Stored data:
****
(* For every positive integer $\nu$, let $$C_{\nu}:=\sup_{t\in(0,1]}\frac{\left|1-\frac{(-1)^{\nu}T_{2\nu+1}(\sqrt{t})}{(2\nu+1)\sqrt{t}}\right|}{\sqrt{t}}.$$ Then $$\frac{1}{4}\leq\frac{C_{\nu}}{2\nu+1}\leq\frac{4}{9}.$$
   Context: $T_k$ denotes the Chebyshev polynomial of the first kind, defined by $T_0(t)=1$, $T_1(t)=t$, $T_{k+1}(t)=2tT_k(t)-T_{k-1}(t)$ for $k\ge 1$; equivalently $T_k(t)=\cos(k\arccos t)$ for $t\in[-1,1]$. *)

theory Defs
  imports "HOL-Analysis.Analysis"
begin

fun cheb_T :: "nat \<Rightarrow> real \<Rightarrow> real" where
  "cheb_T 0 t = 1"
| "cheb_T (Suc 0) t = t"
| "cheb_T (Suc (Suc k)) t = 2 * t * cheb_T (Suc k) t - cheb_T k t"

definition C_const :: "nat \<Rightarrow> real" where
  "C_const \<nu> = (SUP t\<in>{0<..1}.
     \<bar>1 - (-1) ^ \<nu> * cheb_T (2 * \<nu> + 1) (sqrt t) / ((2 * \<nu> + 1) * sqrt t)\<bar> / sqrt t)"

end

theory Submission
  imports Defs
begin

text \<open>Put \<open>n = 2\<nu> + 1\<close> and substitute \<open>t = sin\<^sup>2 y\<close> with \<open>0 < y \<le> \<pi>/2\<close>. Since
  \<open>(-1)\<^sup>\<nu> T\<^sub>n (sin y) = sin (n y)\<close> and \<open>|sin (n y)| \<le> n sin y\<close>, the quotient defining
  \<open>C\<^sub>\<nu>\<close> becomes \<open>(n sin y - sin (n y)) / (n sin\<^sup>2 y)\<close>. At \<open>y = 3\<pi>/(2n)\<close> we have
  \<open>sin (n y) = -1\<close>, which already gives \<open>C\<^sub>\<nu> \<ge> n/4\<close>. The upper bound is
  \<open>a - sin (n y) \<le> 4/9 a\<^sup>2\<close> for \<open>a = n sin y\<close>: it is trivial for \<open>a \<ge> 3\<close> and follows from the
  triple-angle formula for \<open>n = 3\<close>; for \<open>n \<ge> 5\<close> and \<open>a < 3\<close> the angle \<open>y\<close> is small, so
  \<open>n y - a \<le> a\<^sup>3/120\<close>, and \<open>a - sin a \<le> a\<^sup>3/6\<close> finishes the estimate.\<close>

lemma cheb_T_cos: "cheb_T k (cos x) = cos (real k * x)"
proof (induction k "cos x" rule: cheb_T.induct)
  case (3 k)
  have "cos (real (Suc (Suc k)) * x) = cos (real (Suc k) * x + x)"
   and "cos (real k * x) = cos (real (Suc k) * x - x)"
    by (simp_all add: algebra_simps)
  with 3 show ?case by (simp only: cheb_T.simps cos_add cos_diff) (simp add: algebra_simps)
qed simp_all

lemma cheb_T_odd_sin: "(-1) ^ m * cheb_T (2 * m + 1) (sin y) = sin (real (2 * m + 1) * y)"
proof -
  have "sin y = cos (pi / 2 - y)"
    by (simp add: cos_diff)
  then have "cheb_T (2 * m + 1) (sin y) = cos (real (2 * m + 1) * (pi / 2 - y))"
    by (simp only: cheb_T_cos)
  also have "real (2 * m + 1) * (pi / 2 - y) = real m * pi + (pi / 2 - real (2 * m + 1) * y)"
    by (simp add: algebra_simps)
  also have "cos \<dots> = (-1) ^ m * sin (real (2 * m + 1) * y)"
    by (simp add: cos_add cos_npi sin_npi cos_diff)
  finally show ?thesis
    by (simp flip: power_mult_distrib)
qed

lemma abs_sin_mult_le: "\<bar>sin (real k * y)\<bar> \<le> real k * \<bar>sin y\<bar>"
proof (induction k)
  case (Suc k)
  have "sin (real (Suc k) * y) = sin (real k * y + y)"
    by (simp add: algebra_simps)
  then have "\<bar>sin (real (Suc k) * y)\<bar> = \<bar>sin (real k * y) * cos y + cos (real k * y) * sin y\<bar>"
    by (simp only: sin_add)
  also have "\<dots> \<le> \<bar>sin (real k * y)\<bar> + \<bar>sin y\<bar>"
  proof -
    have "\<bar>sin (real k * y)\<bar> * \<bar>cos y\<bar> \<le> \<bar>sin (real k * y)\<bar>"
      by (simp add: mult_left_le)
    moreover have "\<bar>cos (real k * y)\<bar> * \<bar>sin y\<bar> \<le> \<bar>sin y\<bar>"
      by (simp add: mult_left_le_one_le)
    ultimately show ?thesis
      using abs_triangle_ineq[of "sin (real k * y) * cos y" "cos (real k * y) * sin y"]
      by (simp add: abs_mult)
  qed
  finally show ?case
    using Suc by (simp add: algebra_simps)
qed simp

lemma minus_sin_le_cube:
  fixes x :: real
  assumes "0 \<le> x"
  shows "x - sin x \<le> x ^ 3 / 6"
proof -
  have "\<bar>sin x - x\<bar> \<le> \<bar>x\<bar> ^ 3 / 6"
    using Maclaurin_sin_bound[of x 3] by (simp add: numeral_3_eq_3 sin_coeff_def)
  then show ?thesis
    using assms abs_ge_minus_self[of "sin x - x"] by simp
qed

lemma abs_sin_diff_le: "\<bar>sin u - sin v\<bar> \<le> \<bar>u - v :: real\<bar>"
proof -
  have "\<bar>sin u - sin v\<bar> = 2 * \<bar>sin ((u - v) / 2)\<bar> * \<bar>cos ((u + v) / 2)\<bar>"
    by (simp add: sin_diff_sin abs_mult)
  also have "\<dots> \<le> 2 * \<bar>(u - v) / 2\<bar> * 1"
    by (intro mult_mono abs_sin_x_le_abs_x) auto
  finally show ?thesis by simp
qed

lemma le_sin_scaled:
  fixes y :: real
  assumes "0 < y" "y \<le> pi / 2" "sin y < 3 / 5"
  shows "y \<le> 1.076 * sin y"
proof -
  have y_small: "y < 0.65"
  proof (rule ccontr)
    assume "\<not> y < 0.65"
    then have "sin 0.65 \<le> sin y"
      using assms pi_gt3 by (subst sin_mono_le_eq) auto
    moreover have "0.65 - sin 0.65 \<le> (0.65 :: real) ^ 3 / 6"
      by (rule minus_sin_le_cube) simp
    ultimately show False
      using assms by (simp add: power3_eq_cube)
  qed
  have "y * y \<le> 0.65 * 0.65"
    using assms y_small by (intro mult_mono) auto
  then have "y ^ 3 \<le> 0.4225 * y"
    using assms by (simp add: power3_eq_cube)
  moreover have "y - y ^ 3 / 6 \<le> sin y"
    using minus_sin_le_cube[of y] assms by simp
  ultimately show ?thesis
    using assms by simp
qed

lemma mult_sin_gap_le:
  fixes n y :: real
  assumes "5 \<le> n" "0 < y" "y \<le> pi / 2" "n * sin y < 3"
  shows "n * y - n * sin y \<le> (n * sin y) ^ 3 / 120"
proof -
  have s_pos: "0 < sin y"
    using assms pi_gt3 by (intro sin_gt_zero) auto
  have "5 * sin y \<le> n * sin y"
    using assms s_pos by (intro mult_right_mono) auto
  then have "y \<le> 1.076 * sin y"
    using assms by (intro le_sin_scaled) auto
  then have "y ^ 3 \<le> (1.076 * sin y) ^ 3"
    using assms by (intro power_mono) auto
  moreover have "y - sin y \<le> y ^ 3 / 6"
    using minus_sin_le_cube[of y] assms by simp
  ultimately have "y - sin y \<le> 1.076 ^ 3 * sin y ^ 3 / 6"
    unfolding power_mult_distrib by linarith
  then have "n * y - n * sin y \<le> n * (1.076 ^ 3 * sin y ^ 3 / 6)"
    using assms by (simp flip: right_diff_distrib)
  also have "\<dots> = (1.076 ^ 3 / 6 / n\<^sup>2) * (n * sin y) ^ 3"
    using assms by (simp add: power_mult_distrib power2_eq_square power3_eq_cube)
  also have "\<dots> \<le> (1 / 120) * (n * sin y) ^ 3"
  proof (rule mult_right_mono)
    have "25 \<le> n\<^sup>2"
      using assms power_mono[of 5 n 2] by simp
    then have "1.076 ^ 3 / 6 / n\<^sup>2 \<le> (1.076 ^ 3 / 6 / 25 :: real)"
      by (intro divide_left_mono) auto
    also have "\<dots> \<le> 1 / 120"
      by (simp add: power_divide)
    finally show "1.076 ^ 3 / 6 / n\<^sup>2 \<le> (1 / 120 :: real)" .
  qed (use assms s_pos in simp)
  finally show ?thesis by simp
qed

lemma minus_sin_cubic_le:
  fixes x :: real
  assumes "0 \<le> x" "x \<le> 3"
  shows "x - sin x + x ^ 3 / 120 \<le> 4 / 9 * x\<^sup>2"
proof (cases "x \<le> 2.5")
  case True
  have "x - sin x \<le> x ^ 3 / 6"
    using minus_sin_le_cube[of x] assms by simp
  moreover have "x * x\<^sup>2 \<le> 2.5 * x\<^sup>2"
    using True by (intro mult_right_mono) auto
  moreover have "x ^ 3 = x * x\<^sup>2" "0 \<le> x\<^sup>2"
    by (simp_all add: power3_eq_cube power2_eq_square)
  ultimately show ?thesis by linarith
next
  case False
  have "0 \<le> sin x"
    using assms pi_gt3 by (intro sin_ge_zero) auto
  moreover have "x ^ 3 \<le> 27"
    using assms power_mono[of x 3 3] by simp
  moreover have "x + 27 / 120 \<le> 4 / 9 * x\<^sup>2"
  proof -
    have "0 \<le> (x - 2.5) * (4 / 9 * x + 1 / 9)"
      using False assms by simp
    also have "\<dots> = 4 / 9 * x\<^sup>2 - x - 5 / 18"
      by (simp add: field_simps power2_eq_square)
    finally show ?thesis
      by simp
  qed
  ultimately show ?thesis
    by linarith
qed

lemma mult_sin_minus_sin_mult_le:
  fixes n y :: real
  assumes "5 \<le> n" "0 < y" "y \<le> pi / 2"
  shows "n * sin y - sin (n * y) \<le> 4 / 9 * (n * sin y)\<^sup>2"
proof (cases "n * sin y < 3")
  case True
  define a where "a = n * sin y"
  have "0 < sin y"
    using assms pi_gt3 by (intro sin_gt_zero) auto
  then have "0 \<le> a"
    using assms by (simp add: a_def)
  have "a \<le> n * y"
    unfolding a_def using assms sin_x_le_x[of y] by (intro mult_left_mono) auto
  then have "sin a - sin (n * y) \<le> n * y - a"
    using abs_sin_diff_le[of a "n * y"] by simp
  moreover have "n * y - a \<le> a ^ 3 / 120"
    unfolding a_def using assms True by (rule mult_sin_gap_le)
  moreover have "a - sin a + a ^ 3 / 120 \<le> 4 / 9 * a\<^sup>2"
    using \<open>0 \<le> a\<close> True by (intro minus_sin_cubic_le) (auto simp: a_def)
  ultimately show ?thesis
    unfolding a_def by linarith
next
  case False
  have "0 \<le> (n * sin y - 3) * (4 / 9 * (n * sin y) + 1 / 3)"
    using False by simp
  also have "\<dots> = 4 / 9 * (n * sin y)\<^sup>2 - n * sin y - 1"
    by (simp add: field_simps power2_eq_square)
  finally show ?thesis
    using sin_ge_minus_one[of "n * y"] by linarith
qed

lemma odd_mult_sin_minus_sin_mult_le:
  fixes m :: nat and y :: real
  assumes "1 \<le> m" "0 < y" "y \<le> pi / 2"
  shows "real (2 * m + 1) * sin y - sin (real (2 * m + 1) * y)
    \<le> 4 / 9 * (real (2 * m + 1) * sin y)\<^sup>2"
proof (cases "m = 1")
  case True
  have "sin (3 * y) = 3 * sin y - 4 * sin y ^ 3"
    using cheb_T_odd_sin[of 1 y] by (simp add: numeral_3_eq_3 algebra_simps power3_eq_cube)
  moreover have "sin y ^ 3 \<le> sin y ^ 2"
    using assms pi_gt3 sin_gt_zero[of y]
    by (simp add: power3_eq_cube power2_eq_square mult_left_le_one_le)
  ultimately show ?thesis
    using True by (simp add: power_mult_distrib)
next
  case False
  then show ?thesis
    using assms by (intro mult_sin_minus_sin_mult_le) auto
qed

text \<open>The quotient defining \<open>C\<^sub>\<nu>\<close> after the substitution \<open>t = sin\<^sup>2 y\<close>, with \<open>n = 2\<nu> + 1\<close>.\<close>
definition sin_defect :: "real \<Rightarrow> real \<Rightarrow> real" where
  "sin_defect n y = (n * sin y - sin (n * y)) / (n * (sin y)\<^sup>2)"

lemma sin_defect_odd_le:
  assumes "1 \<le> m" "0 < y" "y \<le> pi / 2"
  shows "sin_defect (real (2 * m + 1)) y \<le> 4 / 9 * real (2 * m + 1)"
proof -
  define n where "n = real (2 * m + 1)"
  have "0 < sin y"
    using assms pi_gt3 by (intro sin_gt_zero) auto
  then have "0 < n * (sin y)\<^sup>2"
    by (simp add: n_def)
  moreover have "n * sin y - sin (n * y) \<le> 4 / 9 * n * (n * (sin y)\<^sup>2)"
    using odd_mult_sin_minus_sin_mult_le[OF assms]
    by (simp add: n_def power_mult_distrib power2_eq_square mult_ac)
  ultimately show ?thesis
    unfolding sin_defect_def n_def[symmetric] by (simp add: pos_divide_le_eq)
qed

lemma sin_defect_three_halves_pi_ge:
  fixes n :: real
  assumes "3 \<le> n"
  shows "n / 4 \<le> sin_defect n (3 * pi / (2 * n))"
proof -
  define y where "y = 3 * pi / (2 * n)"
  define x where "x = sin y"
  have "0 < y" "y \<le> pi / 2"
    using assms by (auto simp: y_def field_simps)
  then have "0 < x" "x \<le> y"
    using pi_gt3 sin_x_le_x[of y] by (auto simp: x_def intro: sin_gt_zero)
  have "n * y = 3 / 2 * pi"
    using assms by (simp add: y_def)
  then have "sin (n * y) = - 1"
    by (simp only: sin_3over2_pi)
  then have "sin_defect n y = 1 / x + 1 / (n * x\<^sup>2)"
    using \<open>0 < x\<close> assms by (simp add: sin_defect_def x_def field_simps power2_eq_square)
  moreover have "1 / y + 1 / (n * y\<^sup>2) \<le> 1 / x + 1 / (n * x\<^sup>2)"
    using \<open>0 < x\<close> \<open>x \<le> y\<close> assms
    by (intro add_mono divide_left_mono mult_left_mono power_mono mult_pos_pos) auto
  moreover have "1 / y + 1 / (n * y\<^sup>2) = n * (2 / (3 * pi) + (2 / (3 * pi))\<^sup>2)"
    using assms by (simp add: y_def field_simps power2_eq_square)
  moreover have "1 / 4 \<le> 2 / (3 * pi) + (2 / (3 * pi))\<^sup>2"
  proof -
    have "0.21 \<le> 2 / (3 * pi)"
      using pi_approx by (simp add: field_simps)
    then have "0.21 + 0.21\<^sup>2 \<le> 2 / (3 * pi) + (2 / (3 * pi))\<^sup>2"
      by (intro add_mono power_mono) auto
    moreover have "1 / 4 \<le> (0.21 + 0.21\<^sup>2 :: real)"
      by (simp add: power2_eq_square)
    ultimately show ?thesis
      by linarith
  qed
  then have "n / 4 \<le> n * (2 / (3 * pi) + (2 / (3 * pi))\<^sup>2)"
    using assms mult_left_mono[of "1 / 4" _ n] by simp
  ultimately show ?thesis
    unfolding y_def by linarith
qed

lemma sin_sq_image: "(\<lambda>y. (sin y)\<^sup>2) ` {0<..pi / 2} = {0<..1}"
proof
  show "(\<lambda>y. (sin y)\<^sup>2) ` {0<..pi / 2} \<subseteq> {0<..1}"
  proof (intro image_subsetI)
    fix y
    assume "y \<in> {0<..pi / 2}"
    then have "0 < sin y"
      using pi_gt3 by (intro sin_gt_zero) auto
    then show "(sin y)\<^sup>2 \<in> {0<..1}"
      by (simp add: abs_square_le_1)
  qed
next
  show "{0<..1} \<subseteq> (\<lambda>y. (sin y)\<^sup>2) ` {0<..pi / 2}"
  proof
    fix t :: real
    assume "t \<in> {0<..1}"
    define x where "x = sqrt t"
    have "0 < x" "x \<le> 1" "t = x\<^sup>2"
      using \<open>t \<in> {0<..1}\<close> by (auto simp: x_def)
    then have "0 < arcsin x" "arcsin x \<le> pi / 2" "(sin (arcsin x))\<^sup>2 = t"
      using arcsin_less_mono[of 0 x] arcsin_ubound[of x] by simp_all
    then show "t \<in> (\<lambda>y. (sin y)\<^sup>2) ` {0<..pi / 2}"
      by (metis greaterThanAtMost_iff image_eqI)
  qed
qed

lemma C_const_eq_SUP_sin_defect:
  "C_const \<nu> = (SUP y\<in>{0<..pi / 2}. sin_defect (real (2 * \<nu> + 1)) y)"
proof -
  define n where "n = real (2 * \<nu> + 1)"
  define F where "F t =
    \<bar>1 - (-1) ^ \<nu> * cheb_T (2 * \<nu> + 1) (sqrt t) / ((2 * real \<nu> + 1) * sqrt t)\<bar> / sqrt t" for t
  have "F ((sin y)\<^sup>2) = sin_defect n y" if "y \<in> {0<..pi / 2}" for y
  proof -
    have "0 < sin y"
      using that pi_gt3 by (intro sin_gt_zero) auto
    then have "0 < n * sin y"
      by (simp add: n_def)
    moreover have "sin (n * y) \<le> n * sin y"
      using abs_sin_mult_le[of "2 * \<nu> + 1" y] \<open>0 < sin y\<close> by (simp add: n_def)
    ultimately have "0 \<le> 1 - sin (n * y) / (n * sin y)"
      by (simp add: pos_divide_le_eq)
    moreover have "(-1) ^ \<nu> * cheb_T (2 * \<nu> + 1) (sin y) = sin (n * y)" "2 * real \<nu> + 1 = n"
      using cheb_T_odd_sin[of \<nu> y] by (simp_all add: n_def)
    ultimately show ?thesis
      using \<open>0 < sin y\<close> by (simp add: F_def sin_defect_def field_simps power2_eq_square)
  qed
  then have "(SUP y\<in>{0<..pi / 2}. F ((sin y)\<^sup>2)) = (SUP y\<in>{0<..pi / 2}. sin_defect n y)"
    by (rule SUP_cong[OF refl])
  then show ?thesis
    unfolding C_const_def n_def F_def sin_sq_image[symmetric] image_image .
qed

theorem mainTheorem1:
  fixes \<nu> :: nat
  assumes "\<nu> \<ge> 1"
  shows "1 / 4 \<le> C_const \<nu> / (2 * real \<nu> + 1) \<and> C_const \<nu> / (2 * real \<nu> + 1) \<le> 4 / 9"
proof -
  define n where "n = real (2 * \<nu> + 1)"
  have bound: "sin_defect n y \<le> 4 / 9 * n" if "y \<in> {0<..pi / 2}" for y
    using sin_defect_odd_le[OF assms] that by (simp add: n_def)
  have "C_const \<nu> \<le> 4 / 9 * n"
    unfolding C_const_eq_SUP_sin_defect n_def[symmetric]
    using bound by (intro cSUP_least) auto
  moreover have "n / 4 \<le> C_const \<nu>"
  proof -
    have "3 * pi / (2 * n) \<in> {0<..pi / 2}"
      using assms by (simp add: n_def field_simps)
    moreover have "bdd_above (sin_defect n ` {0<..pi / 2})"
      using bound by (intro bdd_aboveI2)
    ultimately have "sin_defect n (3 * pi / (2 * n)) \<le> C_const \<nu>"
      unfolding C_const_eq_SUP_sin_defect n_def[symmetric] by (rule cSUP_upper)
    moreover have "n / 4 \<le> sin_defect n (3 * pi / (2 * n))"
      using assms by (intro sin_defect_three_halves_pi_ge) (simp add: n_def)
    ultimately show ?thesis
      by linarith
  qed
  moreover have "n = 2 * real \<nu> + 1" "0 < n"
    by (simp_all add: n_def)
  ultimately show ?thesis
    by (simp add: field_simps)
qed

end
****
WORK INSTRUCTIONS: State the number of lines in these entries where the word "only" occurs, without any other words.

ANSWER FOR THE TASK: 4